Supplied information:

(* Let $X$ be a Banach space, let $\mu$ be a measure of noncompactness on $X$, and let $A$ be a nonempty, closed, bounded and convex subset of $X$. Let $T:A\to A$ be a continuous operator such that for every nonempty subset $Y\subseteq A$, \[ \Phi\left(\int_0^{\mu(TY)}\varphi(\gamma)\,d\gamma\right)\leqslant \Psi\left(\int_0^{\mu(Y)}\varphi(\gamma)\,d\gamma\right), \] where: (i) $\Psi:\mathbb{R}^+\to\mathbb{R}^+$ is a nondecreasing and concave function such that $\lim_{n\to\infty}\Psi^n(t)=0$ for all $t\geqslant 0$ (here $\Psi^n$ denotes the $n$-th iterate of $\Psi$); (ii) $\Phi:\mathbb{R}^+\to\mathbb{R}^+$ is a nondecreasing subadditive function such that $\Phi(t)\geqslant t$ for all $t\ge 0$ and, for every sequence $(x_n)$ in $\mathbb{R}^+$, $\lim_{n\to\infty}\Phi(x_n)=0$ if and only if $\lim_{n\to\infty}x_n=0$; (iii) $\varphi:[0,+\infty)\to[0,+\infty)$ is summable (Lebesgue integrable with finite integral) on each compact subset of $[0,+\infty)$ and $\int_0^{\epsilon}\varphi(\omega)\,d\omega>0$ for each $\epsilon>0$. Then $T$ has at least one fixed point in $A$.
   Context: $\mathcal{B}_X$ denotes the family of nonempty bounded subsets of $X$, $\overline{B}$ the closure and $\mathrm{Conv}\,B$ the closed convex hull of $B$. A measure of noncompactness on $X$ is a map $\mu:\mathcal{B}_X\to[0,\infty)$ such that: (1) $\mu(B)=0$ iff $B$ is precompact; (2) $B\subseteq C\Rightarrow \mu(B)\le\mu(C)$; (3) $\mu(\overline{B})=\mu(B)$; (4) $\mu(\mathrm{Conv}\,B)=\mu(B)$; (5) $\mu(\lambda B+(1-\lambda)C)\le\lambda\mu(B)+(1-\lambda)\mu(C)$ for $\lambda\in[0,1]$; (6) if $(B_n)$ is a decreasing sequence ($B_{n+1}\subseteq B_n$) of closed sets in $\mathcal{B}_X$ with $\lim_n\mu(B_n)=0$, then $\bigcap_n B_n$ is nonempty and precompact. A function $\Phi$ is subadditive if $\Phi(s+t)\le\Phi(s)+\Phi(t)$ for all $s,t\ge0$. *)

theory Defs
  imports "HOL-Analysis.Analysis"
begin

abbreviation precompact :: "'a::metric_space set \<Rightarrow> bool" where
  "precompact B \<equiv> totally_bounded B"

definition bdd_sets :: "'a::real_normed_vector set set" where
  "bdd_sets = {B. B \<noteq> {} \<and> bounded B}"

definition Conv :: "'a::real_normed_vector set \<Rightarrow> 'a set" where
  "Conv B = closure (convex hull B)"

definition set_comb :: "real \<Rightarrow> 'a::real_vector set \<Rightarrow> 'a set \<Rightarrow> 'a set" where
  "set_comb lam B C = {lam *\<^sub>R b + (1 - lam) *\<^sub>R c | b c. b \<in> B \<and> c \<in> C}"

text \<open>A measure of noncompactness; mu is only constrained on nonempty bounded sets.\<close>
definition measure_of_noncompactness :: "('a::real_normed_vector set \<Rightarrow> real) \<Rightarrow> bool" where
  "measure_of_noncompactness mu \<longleftrightarrow>
     (\<forall>B\<in>bdd_sets. mu B \<ge> 0) \<and>
     (\<forall>B\<in>bdd_sets. mu B = 0 \<longleftrightarrow> precompact B) \<and>
     (\<forall>B\<in>bdd_sets. \<forall>C\<in>bdd_sets. B \<subseteq> C \<longrightarrow> mu B \<le> mu C) \<and>
     (\<forall>B\<in>bdd_sets. mu (closure B) = mu B) \<and>
     (\<forall>B\<in>bdd_sets. mu (Conv B) = mu B) \<and>
     (\<forall>B\<in>bdd_sets. \<forall>C\<in>bdd_sets. \<forall>lam\<in>{0..1}.
        mu (set_comb lam B C) \<le> lam * mu B + (1 - lam) * mu C) \<and>
     (\<forall>Bs :: nat \<Rightarrow> 'a set.
        (\<forall>n. Bs n \<in> bdd_sets \<and> closed (Bs n) \<and> Bs (Suc n) \<subseteq> Bs n) \<and>
        (\<lambda>n. mu (Bs n)) \<longlonglongrightarrow> 0 \<longrightarrow>
        (\<Inter>n. Bs n) \<noteq> {} \<and> precompact (\<Inter>n. Bs n))"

Action item:
The reply should hold only the lines of the listing above starting at the line containing "B = closure" and ending at the line containing "- lam) *\<^sub>R", exactly as written.

Output below:
  "Conv B = closure (convex hull B)"

definition set_comb :: "real \<Rightarrow> 'a::real_vector set \<Rightarrow> 'a set \<Rightarrow> 'a set" where
  "set_comb lam B C = {lam *\<^sub>R b + (1 - lam) *\<^sub>R c | b c. b \<in> B \<and> c \<in> C}"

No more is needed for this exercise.